### TASK GOAL:
Your job is to report every line of the entries that has "proof".
** Opening THE DATA block **
lemma inj_on_path_ends: "inj_on path_ends path_vertices"
proof (rule inj_onI)
  fix w w'
  assume w: "w \<in> path_vertices" and w': "w' \<in> path_vertices"
    and eq: "path_ends w = path_ends w'"
  from w show "w = w'"
  proof (cases rule: path_verticesE)
    case (SubA i k)
    from w' show ?thesis
      by (cases rule: path_verticesE) (use eq SubA in \<open>auto simp: doubleton_eq_iff\<close>)
  next
    case (SubC i k)
    from w' show ?thesis
      by (cases rule: path_verticesE)
        (use eq SubC cycle_path_ends_eqD clause_path_ends_neq_cycle[symmetric] in auto)
  next
    case (Cl j)
    from w' show ?thesis
      by (cases rule: path_verticesE)
        (use eq Cl clause_path_ends_eqD clause_path_ends_neq_cycle in auto)
  qed
qed

theorem half_shallow_top_minor_false_cycles:
  "half_shallow_top_minor branch_vertices (path_ends ` path_vertices) (GV p m C) (GE p m C \<sigma>)"
  by (rule half_shallow_top_minor_of_paths)
    (use finite_false_slots branch_vertices_subset inj_on_path_ends path_ends_subset card_path_ends
      path_vertices_subset path_ends_adjacent in \<open>auto simp: branch_vertices_def\<close>)

lemma density_false_cycles:
  "density branch_vertices (path_ends ` path_vertices) = 5 * real m / (2 * real m + 1)"
  using inj_on_path_ends card_path_vertices card_branch_vertices
  by (simp add: density_def card_image)

end

theorem lemma2:
  fixes p m :: nat and C :: "nat \<Rightarrow> nat set" and \<sigma> :: "nat \<Rightarrow> nat \<Rightarrow> nat"
  assumes clauses: "\<forall>j<m. C j \<subseteq> {..<p} \<and> card (C j) = 3"
    and occ3: "\<forall>i<p. occ m C i \<ge> 3"
    and attach: "\<forall>i<p. bij_betw (\<sigma> i) {j. j < m \<and> i \<in> C j} {..<occ m C i}"
    and exact1: "\<exists>T \<subseteq> {..<p}. \<forall>j<m. card (C j \<inter> T) = 1"
  shows "\<exists>(VH :: vtx set) EH. VH \<noteq> {} \<and> half_shallow_top_minor VH EH (GV p m C) (GE p m C \<sigma>)
           \<and> density VH EH = 5 * real m / (2 * real m + 1)"
proof -
  obtain T where "\<forall>j<m. card (C j \<inter> T) = 1"
    using exact1 by blast
  then interpret exact_one_assignment p m C \<sigma> T
    using clauses occ3 attach by unfold_locales auto
  show ?thesis
  proof (intro exI conjI)
    show "branch_vertices \<noteq> {}"
      by (simp add: branch_vertices_def)
  qed (fact half_shallow_top_minor_false_cycles density_false_cycles)+
qed

end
** Closing THE DATA block **
### RESPONSE TO THIS TASK:
proof (rule inj_onI)
  proof (cases rule: path_verticesE)
proof -
  proof (intro exI conjI)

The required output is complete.